Very Nice...good work


----------



## smileyface4u23

Love her! The voice-over is fabulous!


----------



## Systematic Chaos

She looks fantastic! The voice and her spell along with the cauldron sounds really tie it all together.


----------



## Joiseygal

I love her! She is cool with the bigger eye looking right at you. Spooky!


----------



## Spooky1

The mask I used for my witch is named "Escaldofa". I had a hard time finding a decent witch mask. I wasn't finding a lot to choose from, but when I found her I knew she was just what I wanted.


----------



## Ghostess

THIS is great work, all around!!!


----------



## cerinad

Wow!! That is Awesome!!!


----------



## Lady Nyxie

Superb! Thanks for sharing.


----------



## lowdwnrob

Love the voice overs. The prop looks as good as it sounds.


----------



## patbwright

*Grandma the witch*

Wow! She is great. I just registered and can already tell that I am out of my league! Lol. I love her!! Great job.


----------



## TheOneAndOnlyKelly

Need a good name for her. May I recommend Hagitha?


----------



## DeathTouch

Awesome.. Roxy must of helped. LOL Just joking. Awesome job on that!


----------



## Pumpkin5

:jol: Spooky1, this is a fantastic prop!!! Okay...you have to level with me...you and RoxyBlue are a couple/married...right? I get the vibe from the last year I have been on the forum because of the way you support and back up each other. (need some tips to addict my hubby to the forum...please help...) You two are great and thanks for the talent...the tips...and the great job you do to maintain Hauntforum...my 'go to' place for every haunt related prop and thing I can make. I LOVE you guys. Thanks!!!


----------



## Lauriebeast

Awesome job! You guys rocked it!


----------



## Spooky1

Pumpkin5 said:


> :jol: Spooky1, this is a fantastic prop!!! Okay...you have to level with me...you and RoxyBlue are a couple/married...right? I get the vibe from the last year I have been on the forum because of the way you support and back up each other. (need some tips to addict my hubby to the forum...please help...) You two are great and thanks for the talent...the tips...and the great job you do to maintain Hauntforum...my 'go to' place for every haunt related prop and thing I can make. I LOVE you guys. Thanks!!!

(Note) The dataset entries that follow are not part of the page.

(* Let $k$ be a field, $P_n=k[z_1,\dots,z_n]$, $\sigma$ an automorphism of $P_n$, $a\in P_n$ and $A=P_n(\sigma,a)$. If $\sigma^m$ is conjugate to a triangular automorphism for some $m\geq1$, then $\operatorname{GKdim}(A)=n+1$.
   Context: $P_n(\sigma,a)$ is generated by $P_n$ and indeterminates $x,y$ with $xd=\sigma(d)x$, $yd=\sigma^{-1}(d)y$ ($d\in P_n$), $yx=a$, $xy=\sigma(a)$. Two automorphisms $\sigma,\tau$ are conjugate if $\tau=\eta^{-1}\sigma\eta$ for some automorphism $\eta$. An automorphism $\tau$ of $P_n$ is triangular if $\tau(z_i)=\lambda_iz_i+g_i$ with $\lambda_i\in k^*$, $g_i\in k[z_{i+1},\dots,z_n]$ for $i<n$ and $g_n\in k$. $\operatorname{GKdim}(B)=\sup_V\limsup_{n\to\infty}\log_n\dim_k(\sum_{i=0}^nV^i)$. *)

theory Defs
  imports Complex_Main "HOL-Library.Poly_Mapping" "HOL-Library.Extended_Real"
    "HOL-Library.Liminf_Limsup"
begin

text \<open>Polynomials over a field 'k in the variables z_0, z_1, ... (0-indexed):
  a monomial is an exponent vector nat to nat finitely supported, a polynomial a finitely
  supported map from monomials to coefficients.\<close>

type_synonym 'k mpoly = "(nat \<Rightarrow>\<^sub>0 nat) \<Rightarrow>\<^sub>0 'k"

definition Var :: "nat \<Rightarrow> 'k::field mpoly" where
  "Var i = Poly_Mapping.single (Poly_Mapping.single i 1) 1"

definition Const :: "'k::field \<Rightarrow> 'k mpoly" where
  "Const c = Poly_Mapping.single 0 c"

definition polys_in :: "nat set \<Rightarrow> 'k::field mpoly set" where
  "polys_in I = {p. \<forall>m \<in> Poly_Mapping.keys p. Poly_Mapping.keys m \<subseteq> I}"

text \<open>P_n = k[z_1,...,z_n], rendered with the variables z_0, ..., z_(n-1).\<close>
abbreviation Pn :: "nat \<Rightarrow> 'k::field mpoly set" where
  "Pn n \<equiv> polys_in {..<n}"

definition is_aut :: "nat \<Rightarrow> ('k::field mpoly \<Rightarrow> 'k mpoly) \<Rightarrow> bool" where
  "is_aut n s \<longleftrightarrow> bij_betw s (Pn n) (Pn n) \<and>
     (\<forall>p\<in>Pn n. \<forall>q\<in>Pn n. s (p + q) = s p + s q \<and> s (p * q) = s p * s q) \<and>
     s 1 = 1 \<and> (\<forall>c. \<forall>p\<in>Pn n. s (Const c * p) = Const c * s p)"

definition conjugate :: "nat \<Rightarrow> ('k::field mpoly \<Rightarrow> 'k mpoly) \<Rightarrow> ('k mpoly \<Rightarrow> 'k mpoly) \<Rightarrow> bool" where
  "conjugate n s t \<longleftrightarrow> (\<exists>e. is_aut n e \<and> (\<forall>p\<in>Pn n. t p = inv_into (Pn n) e (s (e p))))"

definition triangular :: "nat \<Rightarrow> ('k::field mpoly \<Rightarrow> 'k mpoly) \<Rightarrow> bool" where
  "triangular n t \<longleftrightarrow> is_aut n t \<and>
     (\<forall>i<n. \<exists>l g. l \<noteq> 0 \<and> g \<in> polys_in {i<..<n} \<and> t (Var i) = Const l * Var i + g)"

inductive_set gen_ring :: "'b::ring_1 set \<Rightarrow> 'b set" for S where
  base: "s \<in> S \<Longrightarrow> s \<in> gen_ring S"
| one: "1 \<in> gen_ring S"
| uminus: "u \<in> gen_ring S \<Longrightarrow> - u \<in> gen_ring S"
| add: "u \<in> gen_ring S \<Longrightarrow> v \<in> gen_ring S \<Longrightarrow> u + v \<in> gen_ring S"
| mult: "u \<in> gen_ring S \<Longrightarrow> v \<in> gen_ring S \<Longrightarrow> u * v \<in> gen_ring S"

text \<open>B (with ring embedding phi of P_n and elements x, y) is the generalized Weyl
  algebra P_n(sigma, a): generated by phi(P_n), x, y subject to the defining relations,
  and free as a left P_n-module on x^i (i \<ge> 0), y^j (j \<ge> 1).\<close>
definition is_GWA :: "nat \<Rightarrow> ('k::field mpoly \<Rightarrow> 'k mpoly) \<Rightarrow> 'k mpoly \<Rightarrow>
    ('k mpoly \<Rightarrow> 'b::ring_1) \<Rightarrow> 'b \<Rightarrow> 'b \<Rightarrow> bool" where
  "is_GWA n s a phi x y \<longleftrightarrow>
     inj_on phi (Pn n) \<and> phi 1 = 1 \<and>
     (\<forall>p\<in>Pn n. \<forall>q\<in>Pn n. phi (p + q) = phi p + phi q \<and> phi (p * q) = phi p * phi q) \<and>
     (\<forall>d\<in>Pn n. x * phi d = phi (s d) * x \<and> y * phi d = phi (inv_into (Pn n) s d) * y) \<and>
     y * x = phi a \<and> x * y = phi (s a) \<and>
     gen_ring (phi ` Pn n \<union> {x, y}) = UNIV \<and>
     (\<forall>N d e. (\<forall>i. d i \<in> Pn n) \<and> (\<forall>j. e j \<in> Pn n) \<and>
        (\<Sum>i\<le>N. phi (d i) * x ^ i) + (\<Sum>j\<in>{1..N}. phi (e j) * y ^ j) = 0 \<longrightarrow>
        (\<forall>i\<le>N. d i = 0) \<and> (\<forall>j\<in>{1..N}. e j = 0))"

text \<open>Gelfand-Kirillov dimension of a k-algebra B, whose k-vector space structure is
  given by scale. V^i = span of products of i elements of V; V^0 = k 1.\<close>
fun prods :: "'b::ring_1 set \<Rightarrow> nat \<Rightarrow> 'b set" where
  "prods V 0 = {1}"
| "prods V (Suc i) = {v * w | v w. v \<in> V \<and> w \<in> prods V i}"

definition GKdim :: "('k::field \<Rightarrow> 'b::ring_1 \<Rightarrow> 'b) \<Rightarrow> ereal" where
  "GKdim scale = (SUP V \<in> {V. module.span scale V = V \<and> (\<exists>S. finite S \<and> V = module.span scale S)}.
     limsup (\<lambda>m. ereal (log (real m)
        (real (vector_space.dim scale (module.span scale (\<Union>i\<le>m. prods V i)))))))"

end

theory Submission
  imports Defs "HOL-Library.FuncSet"
begin

text \<open>The lower bound \<open>n + 1\<close> holds for every generalized Weyl algebra: by freeness over
  \<open>P_n\<close>, the elements \<open>z^\<alpha> x^j\<close> with all exponents at most \<open>q\<close> are linearly independent, and
  they lie in \<open>V^((n+1)q)\<close> for \<open>V\<close> spanned by \<open>1, x, y, z_1, ..., z_n\<close>.

  For the upper bound, the hypothesis makes \<open>\<sigma>\<close> and \<open>\<sigma>^-1\<close> locally finite: the orbits of a
  triangular automorphism and of its inverse have bounded exponents (by downward induction
  on the index of the variable), and this property passes to conjugates and to \<open>m\<close>-th roots.
  Commuting \<open>x\<close> and \<open>y\<close> past polynomials, every product of \<open>M\<close> generators becomes \<open>p x^i\<close>
  or \<open>p y^i\<close> with \<open>i \<le> M\<close> and \<open>p\<close> a product of at most \<open>M\<close> elements of the orbits of
  \<open>a, z_1, ..., z_n\<close> under \<open>\<sigma>\<close> and \<open>\<sigma>^-1\<close>. The exponents of \<open>p\<close> are thus \<open>O(M)\<close>, so \<open>V^M\<close>
  lies in a space of dimension \<open>O(M^(n+1))\<close>.\<close>

section \<open>Polynomials\<close>

lemma Const_add: "Const (c + d) = Const c + Const d"
  by (simp add: Const_def single_add)

lemma Const_mult: "Const (c * d) = Const c * Const d"
  by (simp add: Const_def mult_single)

lemma Const_one [simp]: "Const 1 = 1"
  by (simp add: Const_def)

lemma Const_zero [simp]: "Const 0 = 0"
  by (simp add: Const_def)

lemma keys_Const_mult: "Poly_Mapping.keys (Const c * p) \<subseteq> Poly_Mapping.keys p"
  using keys_mult[of "Const c" p] by (auto simp: Const_def split: if_splits)

lemma polys_in_zero: "0 \<in> polys_in I"
  by (simp add: polys_in_def)

lemma polys_in_one: "1 \<in> polys_in I"
  by (simp add: polys_in_def)

lemma polys_in_add: "p \<in> polys_in I \<Longrightarrow> q \<in> polys_in I \<Longrightarrow> p + q \<in> polys_in I"
  using keys_add[of p q] by (auto simp: polys_in_def)

lemma polys_in_mult:
  assumes "p \<in> polys_in I" "q \<in> polys_in I"
  shows "p * q \<in> polys_in I"
proof -
  have "Poly_Mapping.keys \<gamma> \<subseteq> I" if \<gamma>_in: "\<gamma> \<in> Poly_Mapping.keys (p * q)" for \<gamma>
  proof -
    obtain \<alpha> \<beta> where \<gamma>: "\<gamma> = \<alpha> + \<beta>"
      and "\<alpha> \<in> Poly_Mapping.keys p" "\<beta> \<in> Poly_Mapping.keys q"
      using keys_mult[of p q] \<gamma>_in by blast
    then have "Poly_Mapping.keys \<alpha> \<subseteq> I" "Poly_Mapping.keys \<beta> \<subseteq> I"
      using assms by (auto simp: polys_in_def)
    then show ?thesis
      using keys_add[of \<alpha> \<beta>] \<gamma> by blast
  qed
  then show ?thesis
    by (simp add: polys_in_def)
qed

lemma polys_in_Const_mult: "p \<in> polys_in I \<Longrightarrow> Const c * p \<in> polys_in I"
  using keys_Const_mult[of c p] by (auto simp: polys_in_def)

lemma polys_in_Const: "Const c \<in> polys_in I"
  by (simp add: polys_in_def Const_def)

lemma polys_in_Var: "i \<in> I \<Longrightarrow> Var i \<in> polys_in I"
  by (simp add: polys_in_def Var_def)

lemma polys_in_sum: "(\<And>x. x \<in> A \<Longrightarrow> f x \<in> polys_in I) \<Longrightarrow> sum f A \<in> polys_in I"
  by (induction A rule: infinite_finite_induct) (auto intro: polys_in_zero polys_in_add)

lemma polys_in_prod: "(\<And>x. x \<in> A \<Longrightarrow> f x \<in> polys_in I) \<Longrightarrow> prod f A \<in> polys_in I"
  by (induction A rule: infinite_finite_induct) (auto intro: polys_in_one polys_in_mult)

lemma polys_in_power: "p \<in> polys_in I \<Longrightarrow> p ^ k \<in> polys_in I"
  by (induction k) (auto intro: polys_in_one polys_in_mult)

lemma polys_in_prod_list: "set ps \<subseteq> polys_in I \<Longrightarrow> prod_list ps \<in> polys_in I"
  by (induction ps) (auto intro: polys_in_one polys_in_mult)

lemma polys_in_Pn: "I \<subseteq> {..<n} \<Longrightarrow> p \<in> polys_in I \<Longrightarrow> p \<in> Pn n"
  by (auto simp: polys_in_def)

lemma keys_subset_if_polys_in:
  "p \<in> polys_in I \<Longrightarrow> \<alpha> \<in> Poly_Mapping.keys p \<Longrightarrow> Poly_Mapping.keys \<alpha> \<subseteq> I"
  by (simp add: polys_in_def)

lemma poly_mapping_eq_sum_single:
  "f = (\<Sum>i\<in>Poly_Mapping.keys f. Poly_Mapping.single i (Poly_Mapping.lookup f i))"
  by (rule poly_mapping_eqI) (auto simp: lookup_sum lookup_single when_def in_keys_iff)

definition monomial :: "(nat \<Rightarrow>\<^sub>0 nat) \<Rightarrow> 'k::field mpoly" where
  "monomial \<alpha> = Poly_Mapping.single \<alpha> 1"

lemma monomial_zero [simp]: "monomial 0 = 1"
  by (simp add: monomial_def)

lemma monomial_add: "monomial (\<alpha> + \<beta>) = monomial \<alpha> * monomial \<beta>"
  by (simp add: monomial_def mult_single)

lemma monomial_sum: "monomial (sum f A) = (\<Prod>x\<in>A. monomial (f x))"
  by (induction A rule: infinite_finite_induct) (simp_all add: monomial_add)

lemma monomial_single: "monomial (Poly_Mapping.single i k) = Var i ^ k"
proof (induction k)
  case 0
  then show ?case by (simp add: monomial_def)
next
  case (Suc k)
  have "Poly_Mapping.single i (Suc k) = Poly_Mapping.single i 1 + Poly_Mapping.single i k"
    by (simp flip: single_add)
  then show ?case
    using Suc.IH by (simp only: monomial_add) (simp add: monomial_def Var_def)
qed

lemma monomial_eq_prod_Var:
  "monomial \<alpha> = (\<Prod>i\<in>Poly_Mapping.keys \<alpha>. Var i ^ Poly_Mapping.lookup \<alpha> i)"
  by (subst poly_mapping_eq_sum_single) (simp add: monomial_sum monomial_single)

lemma Const_mult_monomial: "Const c * monomial \<alpha> = Poly_Mapping.single \<alpha> c"
  by (simp add: monomial_def Const_def mult_single)

lemma mpoly_eq_sum_monomials:
  "p = (\<Sum>\<alpha>\<in>Poly_Mapping.keys p. Const (Poly_Mapping.lookup p \<alpha>) * monomial \<alpha>)"
  by (subst poly_mapping_eq_sum_single) (simp add: Const_mult_monomial)

lemma polys_in_monomial: "Poly_Mapping.keys \<alpha> \<subseteq> I \<Longrightarrow> monomial \<alpha> \<in> polys_in I"
  by (simp add: polys_in_def monomial_def)

lemma lookup_sum_Const_mult_monomial:
  assumes "finite A" "\<alpha> \<in> A"
  shows "Poly_Mapping.lookup (\<Sum>\<beta>\<in>A. Const (c \<beta>) * monomial \<beta>) \<alpha> = c \<alpha>"
  using assms by (simp add: lookup_sum Const_mult_monomial lookup_single when_def)

definition in_box :: "nat \<Rightarrow> 'k::field mpoly \<Rightarrow> bool" where
  "in_box D p \<longleftrightarrow> (\<forall>\<alpha>\<in>Poly_Mapping.keys p. \<forall>i. Poly_Mapping.lookup \<alpha> i \<le> D)"

lemma in_box_mono: "in_box D p \<Longrightarrow> D \<le> D' \<Longrightarrow> in_box D' p"
  unfolding in_box_def using le_trans by blast

lemma in_box_zero: "in_box D 0"
  by (simp add: in_box_def)

lemma in_box_one: "in_box D 1"
  by (simp add: in_box_def)

lemma in_box_Var: "in_box 1 (Var i)"
  by (simp add: in_box_def Var_def lookup_single when_def)

lemma in_box_add: "in_box D p \<Longrightarrow> in_box D q \<Longrightarrow> in_box D (p + q)"
  using keys_add[of p q] by (auto simp: in_box_def)

lemma in_box_Const_mult: "in_box D p \<Longrightarrow> in_box D (Const c * p)"
  using keys_Const_mult[of c p] by (auto simp: in_box_def)

lemma in_box_mult: "in_box D p \<Longrightarrow> in_box E q \<Longrightarrow> in_box (D + E) (p * q)"
  using keys_mult[of p q] by (fastforce simp: in_box_def lookup_add intro: add_mono)

lemma in_box_power: "in_box D p \<Longrightarrow> in_box (D * k) (p ^ k)"
proof (induction k)
  case 0
  then show ?case by (simp add: in_box_one)
next
  case (Suc k)
  then have "in_box (D + D * k) (p * p ^ k)"
    by (intro in_box_mult)
  then show ?case by (simp add: algebra_simps)
qed

lemma in_box_sum: "(\<And>x. x \<in> A \<Longrightarrow> in_box D (f x)) \<Longrightarrow> in_box D (sum f A)"
  by (induction A rule: infinite_finite_induct) (auto intro: in_box_zero in_box_add)

lemma in_box_prod: "(\<And>x. x \<in> A \<Longrightarrow> in_box (D x) (f x)) \<Longrightarrow> in_box (\<Sum>x\<in>A. D x) (\<Prod>x\<in>A. f x)"
  by (induction A rule: infinite_finite_induct) (auto intro: in_box_one in_box_mult)

lemma in_box_prod_list: "(\<And>p. p \<in> set ps \<Longrightarrow> in_box D p) \<Longrightarrow> in_box (D * length ps) (prod_list ps)"
proof (induction ps)
  case Nil
  then show ?case by (simp add: in_box_one)
next
  case (Cons p ps)
  then have "in_box (D + D * length ps) (p * prod_list ps)"
    by (intro in_box_mult) auto
  then show ?case by simp
qed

Yes Pumpkin. Roxy and I are married and have been for almost 23 years now. Roxy slowly came around as my Halloween addiction grew. It's become an outlet for her creativity, and she loves the folks on the forum.


----------



## Dark Angel 27

i can't believe i've never seen this prop before! The video won't play for me (that's just my computer not working right) i'll have to come back later and watch it! she looks amazing!


----------



## Joiseygal

Grandma looks awesome! Great job Spooky!!!


----------



## turtle2778

This was really cool. I like the voices very much.


----------



## samhayne

awesome props, great work !


----------



## kprimm

Awesome job Roxy and Spooky the witch is killer! You did a fantastic job on the witch chant and it sounds great. You two are a very talented duo.


----------



## scaryjak

very impressive. if my cauldron creep looks and sounds half as good I'll be happy....

Top work !!!


----------



## niblique71

I love it. One of those was on my list this year, but I think I'm running out of time.


----------



## Spooks-Magee

Damn that is cool!


----------